In order to analyze the genomic context of TFs, we downloaded the predictions of Transcription Units (TUs) or operons from the website https://microbiome.wordpress.com/research/predicting-transcription-units/ [21]. In brief, the predictions are based on the transcription direction and their intergenic distance, i.e., short distances are frequent in genes belonging to the same TU, considering that predicted operons contain a higher proportion of genes with related phylogenetic profiles and conservation of adjacency than predicted borders of TUs. This method was used because of its high performance to identify correctly operons for E. coli and B. subtilis [22]. In addition, divergently oriented genes relative to the TF and their intergenic distances were computed.

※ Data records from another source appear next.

(* Consider the formal power series in $q$ \[ H(q) = \frac{2q J_{20}^{15} J_{2,20} J_{10,20}}{J_{1,20}^3 J_{3,20}^2 J_{4,20}^2 J_{5,20}^2 J_{6,20} J_{7,20}^2 J_{9,20}^3} + \sum_{n=-\infty}^{\infty} \frac{(-1)^n q^{10n^2+5n}}{1+q^{10n+2}}, \] where each summand is expanded as a power series in $q$ (for terms where $m=10n+2<0$, one writes $\frac{1}{1+q^{m}} = \frac{q^{-m}}{1+q^{-m}}$). Then every coefficient of $q^N$, $N\ge 0$, in $H(q)$ is strictly positive.
   Context: Notation: $(a;q)_\infty = \prod_{i\ge 0}(1-aq^i)$ and $(a_1,\dots,a_k;q)_\infty = (a_1;q)_\infty\cdots(a_k;q)_\infty$. For positive integers $a<b$: $J_b = (q^b;q^b)_\infty$ and $J_{a,b} = (q^a, q^{b-a}, q^b; q^b)_\infty$. *)

theory Defs
  imports "HOL-Analysis.Analysis" "HOL-Computational_Algebra.Formal_Power_Series"
begin

text \<open>(q^a; q^d)_infinity as a formal power series in q, for a, d >= 1.
  Since every factor is 1 - q^(a+d i) with a+d i > i, the coefficient of q^N of
  the infinite product equals that of the finite product over i <= N.\<close>
definition qpoch_inf :: "nat \<Rightarrow> nat \<Rightarrow> real fps" where
  "qpoch_inf a d = Abs_fps (\<lambda>N. fps_nth (\<Prod>i\<le>N. (1 - fps_X ^ (a + d * i))) N)"

definition J :: "nat \<Rightarrow> real fps" where
  "J b = qpoch_inf b b"

definition Jab :: "nat \<Rightarrow> nat \<Rightarrow> real fps" where
  "Jab a b = qpoch_inf a b * qpoch_inf (b - a) b * qpoch_inf b b"

definition H_term :: "int \<Rightarrow> real fps" where
  "H_term n = (let e = 10 * n^2 + 5 * n; m = 10 * n + 2 in
     if m \<ge> 0 then fps_const ((-1) powi n) * fps_X ^ nat e * inverse (1 + fps_X ^ nat m)
     else fps_const ((-1) powi n) * fps_X ^ nat (e - m) * inverse (1 + fps_X ^ nat (- m)))"

definition H_sum :: "real fps" where
  "H_sum = Abs_fps (\<lambda>N. \<Sum>\<^sub>\<infinity>n::int. fps_nth (H_term n) N)"

definition H :: "real fps" where
  "H = fps_const 2 * fps_X * J 20 ^ 15 * Jab 2 20 * Jab 10 20
       * inverse (Jab 1 20 ^ 3 * Jab 3 20 ^ 2 * Jab 4 20 ^ 2 * Jab 5 20 ^ 2 * Jab 6 20
                  * Jab 7 20 ^ 2 * Jab 9 20 ^ 3)
     + H_sum"

end

(* The fifteen factors J_20 of the denominator cancel, leaving 2q times a quotient of the
   q-Pochhammer symbols (q^a;q^20)_inf.  Split each numerator symbol into its factors of even and
   of odd index, which are symbols of modulus 40, and pair every numerator factor with denominator
   factors: 1 - q^(2m) with 1/(1 - q^m), leaving 1 + q^m, and 1 - q^(a+b) with
   1/((1 - q^a)(1 - q^b)), leaving 1/(1 - q^a) + q^b/(1 - q^b).  These, and the unpaired denominator
   factors, have nonnegative coefficients; keeping two factors 1/(1 - q) aside, the product part is
   2q/(1 - q)^2 times a series with nonnegative coefficients and constant term 1, so its
   coefficient of q^N is at least 2N.  The n-th term of the bilateral sum has coefficients in
   {-1, 0, 1} and starts at q^e with e >= 2|n|, so the sum contributes more than -2N to q^N for
   N > 0, and exactly 1 for N = 0.  The infinite products are handled through finite truncations,
   which agree with them modulo q^n. *)

theory Submission
  imports Defs
begin

unbundle no vec_syntax
unbundle fps_syntax

lemma dvd_diff_mult:
  fixes c :: "'a::comm_ring_1"
  assumes "c dvd a - a'" "c dvd b - b'"
  shows "c dvd a * b - a' * b'"
proof -
  have "a * b - a' * b' = a * (b - b') + (a - a') * b'"
    by (simp add: algebra_simps)
  with assms show ?thesis
    by (metis dvd_add dvd_mult dvd_mult2)
qed

lemma dvd_diff_power:
  fixes c :: "'a::comm_ring_1"
  shows "c dvd a - a' \<Longrightarrow> c dvd a ^ k - a' ^ k"
  by (induction k) (simp_all add: dvd_diff_mult)

lemma dvd_diff_prod:
  fixes c :: "'a::comm_ring_1"
  assumes "\<And>i. i \<in> A \<Longrightarrow> c dvd f i - g i"
  shows "c dvd prod f A - prod g A"
  using assms
proof (induction A rule: infinite_finite_induct)
  case (insert i A)
  then show ?case
    by (simp add: dvd_diff_mult)
qed simp_all

lemma fps_dvd_diff_inverse:
  fixes f g :: "'a::field fps"
  assumes "c dvd f - g" "f $ 0 \<noteq> 0" "g $ 0 \<noteq> 0"
  shows "c dvd inverse f - inverse g"
proof -
  have "inverse f - inverse g = inverse f * inverse g * (g - f)"
    using assms(2,3) by (simp add: algebra_simps inverse_mult_eq_1 inverse_mult_eq_1')
  moreover have "c dvd g - f"
    using assms(1) by (metis dvd_minus_iff minus_diff_eq)
  ultimately show ?thesis
    by simp
qed

lemma fps_mult_inverse_cancel:
  "f $ 0 \<noteq> 0 \<Longrightarrow> f * A * inverse (f * B) = A * inverse (B :: 'a::field fps)"
  by (simp add: fps_inverse_mult inverse_mult_eq_1' ac_simps flip: mult.assoc)

lemma fps_X_power_dvd_iff: "fps_X ^ n dvd (f :: 'a::comm_ring_1 fps) \<longleftrightarrow> (\<forall>k<n. f $ k = 0)"
proof
  assume "fps_X ^ n dvd f"
  then obtain g where "f = fps_X ^ n * g" ..
  then show "\<forall>k<n. f $ k = 0"
    by (simp add: fps_X_power_mult_nth)
next
  assume "\<forall>k<n. f $ k = 0"
  then have "f = fps_X ^ n * fps_shift n f"
    by (simp add: fps_eq_iff fps_X_power_mult_nth)
  then show "fps_X ^ n dvd f"
    by (metis dvd_triv_left)
qed

lemma fps_X_power_dvd_diff_nth:
  "fps_X ^ n dvd f - (g :: 'a::comm_ring_1 fps) \<Longrightarrow> k < n \<Longrightarrow> f $ k = g $ k"
  by (auto simp: fps_X_power_dvd_iff)

lemma fps_inverse_one_minus_const_X_power_nth:
  fixes c :: "'a::field"
  assumes "0 < m"
  shows "inverse (1 - fps_const c * fps_X ^ m) $ k = (if m dvd k then c ^ (k div m) else 0)"
proof -
  define g :: "'a fps" where "g = Abs_fps (\<lambda>k. if m dvd k then c ^ (k div m) else 0)"
  have "(1 - fps_const c * fps_X ^ m) * g = 1"
  proof (rule fps_ext)
    fix n
    consider "n = 0" | "0 < n" "n < m" | "m \<le> n"
      by linarith
    then show "((1 - fps_const c * fps_X ^ m) * g) $ n = 1 $ n"
    proof cases
      case 2
      then have "\<not> m dvd n"
        by (auto dest: dvd_imp_le)
      with 2 show ?thesis
        by (simp add: g_def algebra_simps fps_X_power_mult_nth)
    next
      case 3
      then have "m dvd n \<longleftrightarrow> m dvd n - m" and "n div m = Suc ((n - m) div m)"
        using assms by (simp_all add: dvd_minus_self le_div_geq)
      with 3 assms show ?thesis
        by (simp add: g_def algebra_simps fps_X_power_mult_nth)
    qed (use assms in \<open>simp add: g_def algebra_simps fps_X_power_mult_nth\<close>)
  qed
  then show ?thesis
    by (simp add: fps_inverse_unique g_def)
qed

lemma fps_inverse_one_minus_X_power_nth:
  "0 < m \<Longrightarrow> inverse (1 - fps_X ^ m :: 'a::field fps) $ k = (if m dvd k then 1 else 0)"
  using fps_inverse_one_minus_const_X_power_nth[of m "1::'a" k] by simp

lemma fps_inverse_one_plus_X_power_nth:
  "0 < m \<Longrightarrow>
    inverse (1 + fps_X ^ m :: 'a::field fps) $ k = (if m dvd k then (-1) ^ (k div m) else 0)"
  using fps_inverse_one_minus_const_X_power_nth[of m "-1::'a" k] by (simp flip: fps_const_neg)

definition qpoch_fin :: "nat \<Rightarrow> nat \<Rightarrow> nat \<Rightarrow> 'a::comm_ring_1 fps" where
  "qpoch_fin a d L = (\<Prod>i<L. 1 - fps_X ^ (a + d * i))"

lemma qpoch_fin_add: "qpoch_fin a d (m + n) = qpoch_fin a d m * qpoch_fin (a + d * m) d n"
  unfolding qpoch_fin_def
  by (induction n) (simp_all add: algebra_simps)

lemma qpoch_fin_double: "qpoch_fin a d (2 * L) = qpoch_fin a (2 * d) L * qpoch_fin (a + d) (2 * d) L"
  unfolding qpoch_fin_def
  by (induction L) (simp_all add: algebra_simps)
(* Let $f_0,f_1\in \mathrm{PL}_0(\mathbf{I})$ satisfy $[f_1^{f_0},f_0f_1^{-1}]=1$ and $[f_0f_1^{-1},f_1^{f_0^2}]=1$. If $A$ is an orbital of $f_0$, then either there exists an orbital $B$ of $f_1$ with $B\subseteq A$, or $A$ is disjoint from $\operatorname{Supp}(f_1)$.
   Context: $\mathrm{PL}_0(\mathbf{I})$ is the group of orientation-preserving piecewise-linear homeomorphisms of $[0,1]$ with finitely many points of non-differentiability. Functions act on the right: $tf=f(t)$, $fg=g\circ f$, $a^b=b^{-1}ab$, $[a,b]=aba^{-1}b^{-1}$. The orbitals of $f$ are the connected components (open intervals) of $\operatorname{Supp}(f)=\{x: xf\ne x\}$. *)

theory Defs
  imports "HOL-Analysis.Analysis"
begin

text \<open>Elements of PL_0(I), represented as functions real => real that are the
  identity outside [0,1] (a normalisation convention).\<close>
definition pl0 :: "(real \<Rightarrow> real) \<Rightarrow> bool" where
  "pl0 f \<longleftrightarrow>
     (\<forall>x. x \<notin> {0..1} \<longrightarrow> f x = x) \<and>
     f 0 = 0 \<and> f 1 = 1 \<and>
     strict_mono_on {0..1} f \<and>
     continuous_on {0..1} f \<and>
     f ` {0..1} = {0..1} \<and>
     (\<exists>P. finite P \<and> P \<subseteq> {0..1} \<and> {0, 1} \<subseteq> P \<and>
        (\<forall>a\<in>P. \<forall>b\<in>P. a < b \<and> {a<..<b} \<inter> P = {} \<longrightarrow>
           (\<exists>m c. \<forall>x\<in>{a..b}. f x = m * x + c)))"

text \<open>Right action: t(fg) = g(f(t)), so the product fg is g o f.\<close>
definition pl_mult :: "(real \<Rightarrow> real) \<Rightarrow> (real \<Rightarrow> real) \<Rightarrow> (real \<Rightarrow> real)" where
  "pl_mult f g = g \<circ> f"

definition pl_inv :: "(real \<Rightarrow> real) \<Rightarrow> (real \<Rightarrow> real)" where
  "pl_inv f = inv f"

definition pl_conj :: "(real \<Rightarrow> real) \<Rightarrow> (real \<Rightarrow> real) \<Rightarrow> (real \<Rightarrow> real)" where
  "pl_conj a b = pl_mult (pl_mult (pl_inv b) a) b"

definition pl_comm :: "(real \<Rightarrow> real) \<Rightarrow> (real \<Rightarrow> real) \<Rightarrow> (real \<Rightarrow> real)" where
  "pl_comm a b = pl_mult (pl_mult (pl_mult a b) (pl_inv a)) (pl_inv b)"

definition pl_supp :: "(real \<Rightarrow> real) \<Rightarrow> real set" where
  "pl_supp f = {x. f x \<noteq> x}"

definition orbitals :: "(real \<Rightarrow> real) \<Rightarrow> real set set" where
  "orbitals f = components (pl_supp f)"

end

theory Submission
  imports Defs
begin

text \<open>Write \<open>A = (a, b)\<close>. It suffices that \<open>f\<^sub>1\<close> fixes \<open>a\<close> and \<open>b\<close>: an orbital of
  \<open>f\<^sub>1\<close> meeting \<open>A\<close> then cannot cross the frontier of \<open>A\<close>. Suppose \<open>f\<^sub>0\<close> fixes \<open>a\<close>
  while \<open>f\<^sub>1\<close> moves it, and let \<open>(c, d)\<close> be the orbital of \<open>f\<^sub>1\<close> containing \<open>a\<close>.
  With \<open>g = f\<^sub>0 f\<^sub>1\<^sup>-\<^sup>1\<close>, \<open>h\<^sub>1 = f\<^sub>1\<^bsup>f\<^sub>0\<^esup>\<close>, \<open>h\<^sub>2 = f\<^sub>1\<^bsup>f\<^sub>0\<^sup>2\<^esup>\<close>, the hypotheses say
  that \<open>g\<close> commutes with \<open>h\<^sub>1\<close> and \<open>h\<^sub>2\<close>. Hence the conjugates of \<open>g\<close> by \<open>f\<^sub>0\<close> and
  \<open>f\<^sub>0\<^sup>2\<close> commute with \<open>f\<^sub>1\<close> and fix the finitely many boundary points of its fixed set,
  so \<open>g\<close> fixes \<open>f\<^sub>0\<^sup>i c, f\<^sub>0\<^sup>i d\<close> for \<open>i = 1, 2\<close>. A PL map commuting with a homeomorphism
  and fixing a point of one of its orbitals is the identity on that orbital; since \<open>g\<close>
  moves \<open>a\<close>, it has no fixed point in \<open>f\<^sub>0\<^sup>i (c, d)\<close>, which forces \<open>f\<^sub>0\<close> to fix \<open>c\<close>
  and \<open>d\<close>. Now \<open>(c, d)\<close> is an orbital of \<open>g\<close>, and \<open>h\<^sub>1\<close>, \<open>h\<^sub>2\<close> commute with \<open>g\<close> and
  have the same germ at \<open>c\<close> (germs of PL maps fixing \<open>c\<close> commute), so they agree on
  \<open>(c, d)\<close>: \<open>f\<^sub>0\<close> commutes with \<open>f\<^sub>1\<close> there. As \<open>f\<^sub>0\<close> fixes \<open>a\<close>, it is the identity on
  \<open>(c, d)\<close>, so \<open>a\<close> is not an end of an orbital of \<open>f\<^sub>0\<close>.\<close>

section \<open>Increasing homeomorphisms of the line\<close>

definition incr_homeo :: "(real \<Rightarrow> real) \<Rightarrow> bool" where
  "incr_homeo u \<longleftrightarrow> strict_mono u \<and> surj u"
lemma inj_on_weighted_degree_diff_one:
  assumes "finite E" "\<forall>e\<in>E. 1 \<le> w e" "\<forall>v\<in>V. degree E v = d"
    and "inj_on (weighted_degree E w) V"
  shows "inj_on (weighted_degree E (\<lambda>e. w e - 1)) V"
proof (rule inj_onI)
  fix u v
  assume "u \<in> V" "v \<in> V" "weighted_degree E (\<lambda>e. w e - 1) u = weighted_degree E (\<lambda>e. w e - 1) v"
  moreover have "degree E u = degree E v" using \<open>u \<in> V\<close> \<open>v \<in> V\<close> assms(3) by simp
  ultimately have "weighted_degree E w u = weighted_degree E w v"
    using weighted_degree_diff_one[OF assms(1,2), of u] weighted_degree_diff_one[OF assms(1,2), of v]
    by simp
  then show "u = v" using inj_onD[OF assms(4)] \<open>u \<in> V\<close> \<open>v \<in> V\<close> by blast
qed

lemma subgraph_degree_quotient:
  assumes finite_E: "finite E" and edges: "\<forall>e\<in>E. \<exists>a b. a \<noteq> b \<and> e = {a, b}"
    and "T > 0" and "\<forall>e\<in>E. w e \<le> T"
  shows "\<exists>F\<subseteq>E. \<forall>v. weighted_degree E w v div T \<le> degree F v
    \<and> degree F v \<le> weighted_degree E w v div T + 1"
proof -
  define y where "y e = real (w e) / real T" for e
  define L where "L x = int (weighted_degree E w x div T)" for x
  have frac: "frac_degree E y x = real (weighted_degree E w x) / real T" for x
    by (simp add: frac_degree_def weighted_degree_def y_def sum_divide_distrib)
  have L_bounds: "\<forall>x. real_of_int (L x) \<le> frac_degree E y x \<and> frac_degree E y x \<le> real_of_int (L x) + 1"
  proof
    fix x
    have "L x = \<lfloor>frac_degree E y x\<rfloor>"
      unfolding L_def frac by (simp add: floor_divide_of_nat_eq)
    then show "real_of_int (L x) \<le> frac_degree E y x \<and> frac_degree E y x \<le> real_of_int (L x) + 1"
      using of_int_floor_le[of "frac_degree E y x"] real_of_int_floor_add_one_gt[of "frac_degree E y x"]
      by linarith
  qed
  have "\<forall>e\<in>E. 0 \<le> y e \<and> y e \<le> 1" using assms(3,4) by (auto simp: y_def divide_le_eq_1)
  from degree_rounding[OF finite_E edges this L_bounds]
  obtain F where "F \<subseteq> E" and F: "\<forall>x. L x \<le> int (degree F x) \<and> int (degree F x) \<le> L x + 1"
    by blast
  have "weighted_degree E w v div T \<le> degree F v \<and> degree F v \<le> weighted_degree E w v div T + 1"
    for v using F[rule_format, of v] unfolding L_def by linarith
  with \<open>F \<subseteq> E\<close> show ?thesis by blast
qed

lemma card_level_set_le:
  fixes f g :: "'a \<Rightarrow> nat"
  assumes "inj_on f V" "T > 0"
    and "\<forall>v\<in>V. f v div T \<le> g v \<and> g v \<le> f v div T + 1"
  shows "card {v\<in>V. g v = k} \<le> 2 * T"
proof -
  have "f ` {v\<in>V. g v = k} \<subseteq> {T * (k - 1) ..< T * (k + 1)}"
  proof
    fix n assume "n \<in> f ` {v\<in>V. g v = k}"
    then obtain v where v: "v \<in> V" "g v = k" "n = f v" by auto
    with assms(3) have "f v div T < k + 1" "k - 1 \<le> f v div T" by auto
    then have "f v < T * (k + 1)" "T * (k - 1) \<le> f v"
      using assms(2) by (simp_all add: div_less_iff_less_mult less_eq_div_iff_mult_less_eq mult.commute)
    then show "n \<in> {T * (k - 1) ..< T * (k + 1)}" using v by auto
  qed
  then have "card (f ` {v\<in>V. g v = k}) \<le> card {T * (k - 1) ..< T * (k + 1)}"
    by (rule card_mono[OF finite_atLeastLessThan])
  also have "\<dots> = T * (k + 1) - T * (k - 1)" by simp
  also have "\<dots> \<le> 2 * T" by (cases k) (auto simp: algebra_simps)
  finally show ?thesis
    using assms(1) by (simp add: card_image inj_on_subset)
qed
lemma add_rank_one_mult_vec:
  assumes "Q \<in> carrier_mat a a" "r \<in> carrier_vec a" "y \<in> carrier_vec a"
  shows "(Q + k \<cdot>\<^sub>m rank_one r) *\<^sub>v y = Q *\<^sub>v y + (k * (y \<bullet>c r)) \<cdot>\<^sub>v r"
proof -
  have "(Q + k \<cdot>\<^sub>m rank_one r) *\<^sub>v y = Q *\<^sub>v y + (k \<cdot>\<^sub>m rank_one r) *\<^sub>v y"
    using assms by (intro add_mult_distrib_mat_vec) auto
  also have "(k \<cdot>\<^sub>m rank_one r) *\<^sub>v y = k \<cdot>\<^sub>v (rank_one r *\<^sub>v y)"
    using assms by (intro eq_vecI) (auto simp: rank_one_def)
  finally show ?thesis using assms by (simp add: rank_one_mult_vec smult_smult_assoc)
qed

definition span_projector :: "nat \<Rightarrow> complex vec list \<Rightarrow> complex mat \<Rightarrow> bool" where
  "span_projector a us Q \<longleftrightarrow> is_proj a Q \<and> (\<forall>u \<in> set us. Q *\<^sub>v u = u) \<and>
     (\<forall>y \<in> carrier_vec a. (\<forall>u \<in> set us. y \<bullet>c u = 0) \<longrightarrow> Q *\<^sub>v y = 0\<^sub>v a)"

lemma span_projector_Cons_update:
  assumes Q: "span_projector a us Q" and u: "u \<in> carrier_vec a" and us: "set us \<subseteq> carrier_vec a"
    and r: "r = u - Q *\<^sub>v u" "r \<noteq> 0\<^sub>v a"
  shows "span_projector a (u # us) (Q + (1 / (r \<bullet>c r)) \<cdot>\<^sub>m rank_one r)"
proof -
  have Qc: "Q \<in> carrier_mat a a" and QH: "adj Q = Q" and QQ: "Q * Q = Q"
    and Qus: "\<forall>v \<in> set us. Q *\<^sub>v v = v"
    and Qy: "\<forall>y \<in> carrier_vec a. (\<forall>v \<in> set us. y \<bullet>c v = 0) \<longrightarrow> Q *\<^sub>v y = 0\<^sub>v a"
    using Q unfolding span_projector_def is_proj_def by auto
  define c where "c = r \<bullet>c r"
  have rc: "r \<in> carrier_vec a" and Qu: "Q *\<^sub>v u \<in> carrier_vec a" using u Qc r by auto
  have c: "c \<noteq> 0" using r rc by (simp add: c_def)
  have Qr: "Q *\<^sub>v r = 0\<^sub>v a"
    using Qc u by (simp add: r mult_minus_distrib_mat_vec assoc_mult_mat_vec[symmetric, of Q a a Q] QQ)
  have Q'_vec: "(Q + (1 / c) \<cdot>\<^sub>m rank_one r) *\<^sub>v y = Q *\<^sub>v y + ((y \<bullet>c r) / c) \<cdot>\<^sub>v r"
    if "y \<in> carrier_vec a" for y
    using add_rank_one_mult_vec[OF Qc rc that] by simp
  have "u \<bullet>c r - c = (Q *\<^sub>v u) \<bullet>c r"
    using cscalar_prod_minus_left[OF u Qu rc] by (simp add: c_def r)
  also have "\<dots> = 0"
    using cscalar_prod_hermitian[OF Qc QH u rc] Qr u by simp
  finally have ur: "u \<bullet>c r = c" by simp
  have "Q' *\<^sub>v v = v" if v: "v \<in> set (u # us)" and Q': "Q' = Q + (1 / c) \<cdot>\<^sub>m rank_one r" for v Q'
  proof (cases "v = u")
    case True
    have "Q' *\<^sub>v u = Q *\<^sub>v u + r" using Q'_vec[OF u] ur c Q' by simp
    also have "\<dots> = u" using u Qc by (intro eq_vecI) (auto simp: r)
    finally show ?thesis using True by simp
  next
    case False
    then have vus: "v \<in> set us" using v by simp
    then have vc: "v \<in> carrier_vec a" using us by auto
    have "v \<bullet>c r = v \<bullet>c u - (Q *\<^sub>v v) \<bullet>c u"
      using cscalar_prod_hermitian[OF Qc QH vc u] cscalar_prod_minus_right[OF vc u Qu] by (simp add: r)
    then have "v \<bullet>c r = 0" using Qus vus by simp
    then have "Q' *\<^sub>v v = v + 0 \<cdot>\<^sub>v r" using Q'_vec[OF vc] Qus vus Q' by simp
    also have "\<dots> = v" using vc rc by (intro eq_vecI) auto
    finally show ?thesis .
  qed
  moreover have "(Q + (1 / c) \<cdot>\<^sub>m rank_one r) *\<^sub>v y = 0\<^sub>v a"
    if y: "y \<in> carrier_vec a" and orth: "\<forall>v \<in> set (u # us). y \<bullet>c v = 0" for y
  proof -
    have Qy0: "Q *\<^sub>v y = 0\<^sub>v a" using Qy y orth by simp
    have "y \<bullet>c r = - ((Q *\<^sub>v y) \<bullet>c u)"
      using cscalar_prod_minus_right[OF y u Qu] cscalar_prod_hermitian[OF Qc QH y u] orth
      by (simp add: r)
    then have "y \<bullet>c r = 0" using Qy0 u by simp
    then show ?thesis using Q'_vec[OF y] Qy0 rc by auto
  qed
  moreover have "is_proj a (Q + (1 / c) \<cdot>\<^sub>m rank_one r)"
    unfolding c_def using Q rc r(2) Qr unfolding span_projector_def by (intro is_proj_add_rank_one) auto
  ultimately show ?thesis unfolding span_projector_def c_def by blast
qed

Identification of enzymatic activities

To determine if TFs and their neighbor genes are associated with enzymatic activities, the Catalytic Families (CatFam version 2.0) program was used to scan the complete set of proteins associated with the 1321 representative bacterial and archaeal genomes, using default conditions. We used, CatFam because it generates 8880 sequence profiles through a stepwise procedure that carefully controls profile quality and employs nonenzymes as negative samples to establish profile-specific thresholds associated with a predefined nominal false-positive rate of predictions; i.e. it predicts enzymes with 98.6% precision and 95.0% recall [23].

PFAM functional enrichment

To evaluate the enriched PFAM associated with the top 10 TFs and their neighbors, their structural domains were determined by considering the PFAM assignments. A one-tailed Fisher’s exact test was used to perform enrichment analysis, because it is related to the hypergeometric probability and can be used to calculate the significance (p-value) of the overlap between two independent datasets. We set statistical significance at a p-value of 0.05. In addition, the false discovery rate (FDR) of the tests was calculated to account for type I errors. Corrections for multiple testing were performed using the Benjamini-Hochberg step-up FDR-controlling procedure to calculate adjusted p-values. Finally, we linked the PFAM identified for the functional annotations provided by using pfam2go, which considers mapping between PFAMs and Gene Ontology (GO) terms.

Results and discussion

Collection of TFs with experimental evidences

In order to have a collection of DNA-binding TFs well-annotated for use as a gold standard dataset to guide the design and predictions of new regulators of bacteria and archaea, a total of 668 proteins with experimental evidence were collected. To this end, we defined a TF as DNA-binding protein needed to activate or repress the transcription of a gene, but are themselves neither part of the RNA polymerase (RNAP) core nor of the holoenzyme [24]. Therefore, sigma factors were not considered as TFs in this study. A total of 842 references and diverse databases (Uniprot, DBD, DBTBS, and RegulonDB, among others) were manually inspected. The complete collection of TFs was identified in 81 different species, including E. coli, Mycobacterium tuberculosis, B. subtilis, Corynebacterium glutamicum, S. aureus, Streptomyces coelicolor, and many others; thus, we considered organisms from diverse taxonomic divisions, from Bacteria to Archaea and from Proteobacteria to Euryarchaeaota (Table 1).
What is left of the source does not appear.